The Nasdaq (QQQ) ended the week up +1.21%, as mega-caps, especially AI related, continued their upward trajectory. The markets have been higher for five consecutive months, a very long streak by historical standards.

Overwhelmingly positive sentiment managed to overshadow fears related to valuations, and we’ll explore both the bull and the bear case in today’s newsletter. Since valuations are not a useful market timing tool, we can count on… something else to disrupt the rally, if it comes to that.

Goldman’s top traders expect October to be more difficult. Their desk commentary indicates that although overall flows continue to be positive, there is significant concentration in technology and momentum stocks, which makes the market susceptible to even minor shocks. Their Sectors outlook reflects a cautious stance on Consumer Discretionary (XLY) and Industrials (XLI), as these sectors appear exposed to slowing economic growth. Conversely, Energy (XLE) and healthcare (XLV) are expected to perform relatively better.

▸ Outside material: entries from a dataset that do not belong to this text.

lemma has_gderiv_of_quadratic_remainder:
  fixes g :: "'a::real_inner \<Rightarrow> real"
  assumes rem: "\<And>y. \<bar>g y - g x - (y - x) \<bullet> d\<bar> \<le> C * (norm (y - x))\<^sup>2"
  shows "GDERIV g x :> d"
  unfolding gderiv_def has_derivative_at_alt
proof (intro conjI allI impI bounded_linear_inner_left)
  fix e :: real assume e: "e > 0"
  show "\<exists>r>0. \<forall>y. norm (y - x) < r \<longrightarrow> norm (g y - g x - (y - x) \<bullet> d) \<le> e * norm (y - x)"
  proof (intro exI[of _ "e / (\<bar>C\<bar> + 1)"] conjI allI impI)
    show "e / (\<bar>C\<bar> + 1) > 0" using e by simp
    fix y assume y: "norm (y - x) < e / (\<bar>C\<bar> + 1)"
    have "C * (norm (y - x))\<^sup>2 \<le> (\<bar>C\<bar> + 1) * norm (y - x) * norm (y - x)"
      using mult_right_mono[of C "\<bar>C\<bar> + 1" "norm (y - x) * norm (y - x)"]
      by (simp add: power2_eq_square mult.assoc)
    also have "\<dots> \<le> e * norm (y - x)"
      using y by (intro mult_right_mono) (auto simp: field_simps)
    finally show "norm (g y - g x - (y - x) \<bullet> d) \<le> e * norm (y - x)"
      using rem[of y] by simp
  qed
qed

definition weakly_convex_on :: "real \<Rightarrow> 'a::real_inner set \<Rightarrow> ('a \<Rightarrow> real) \<Rightarrow> bool" where
  "weakly_convex_on rho X F \<longleftrightarrow> convex_on X (\<lambda>x. F x + rho / 2 * (norm x)\<^sup>2)"

lemma weakly_convex_on_iff:
  "weakly_convex_on rho X F \<longleftrightarrow> convex X \<and>
    (\<forall>a\<in>X. \<forall>b\<in>X. \<forall>s. 0 \<le> s \<and> s \<le> 1 \<longrightarrow>
      F ((1 - s) *\<^sub>R a + s *\<^sub>R b) \<le> (1 - s) * F a + s * F b + rho / 2 * s * (1 - s) * (norm (a - b))\<^sup>2)"
proof -
  have shift: "F z + rho / 2 * (norm z)\<^sup>2 \<le> (1 - s) * (F a + rho / 2 * (norm a)\<^sup>2) + s * (F b + rho / 2 * (norm b)\<^sup>2)
      \<longleftrightarrow> F z \<le> (1 - s) * F a + s * F b + rho / 2 * s * (1 - s) * (norm (a - b))\<^sup>2"
    if "z = (1 - s) *\<^sub>R a + s *\<^sub>R b" for z a b :: 'a and s
  proof -
    have N: "(norm z)\<^sup>2 = (1 - s) * (norm a)\<^sup>2 + s * (norm b)\<^sup>2 - s * (1 - s) * (norm (a - b))\<^sup>2"
      using power2_norm_convex_combination[of s a b 0] that by simp
    show ?thesis unfolding N by (simp add: algebra_simps) argo
  qed
  show ?thesis
  proof (intro iffI conjI ballI allI impI)
    assume "weakly_convex_on rho X F"
    then have G: "convex_on X (\<lambda>x. F x + rho / 2 * (norm x)\<^sup>2)" by (simp add: weakly_convex_on_def)
    then show "convex X" by (rule convex_on_imp_convex)
    fix a b and s :: real assume "a \<in> X" "b \<in> X" "0 \<le> s \<and> s \<le> 1"
    then show "F ((1 - s) *\<^sub>R a + s *\<^sub>R b) \<le> (1 - s) * F a + s * F b + rho / 2 * s * (1 - s) * (norm (a - b))\<^sup>2"
      using convex_onD[OF G, of s a b] shift[OF refl, of s a b] by blast
  next
    assume "convex X \<and> (\<forall>a\<in>X. \<forall>b\<in>X. \<forall>s. 0 \<le> s \<and> s \<le> 1 \<longrightarrow>
      F ((1 - s) *\<^sub>R a + s *\<^sub>R b) \<le> (1 - s) * F a + s * F b + rho / 2 * s * (1 - s) * (norm (a - b))\<^sup>2)"
    then show "weakly_convex_on rho X F"
      unfolding weakly_convex_on_def by (intro convex_onI) (use shift in auto)
  qed
qed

Medium-Term options positioning from market makers somewhat reflect Goldman’s analysis, with many sectors facing adverse risk-reward equations, especially Transports (XTN) - closely related to Discretionary spending.

Overlaying this outlook with the seasonality for October, we can spot a large variance of potential outcomes, ranging from +15% to -10% by month end (+1% on average). Yet the second half of October also tends to align with the start of the seasonally strong period of the year, as Q3 reporting season starts and supports asset prices. Corporate buybacks also return at the end of the month.

There is still a cohort of professional investors underweight the market and lagging in performance, as the chart below shows. In the bottom panel, we plotted the Median Dark Pools Index 1W (smoothed) for the top 1000 stocks in the market. Professional investors accelerated accumulation into the April decline (bullish divergence), while flows have receded since reaching a relative top in late June. Since then, while levels are nowhere near as low as December 2024, the trend has been toward more distribution than accumulation.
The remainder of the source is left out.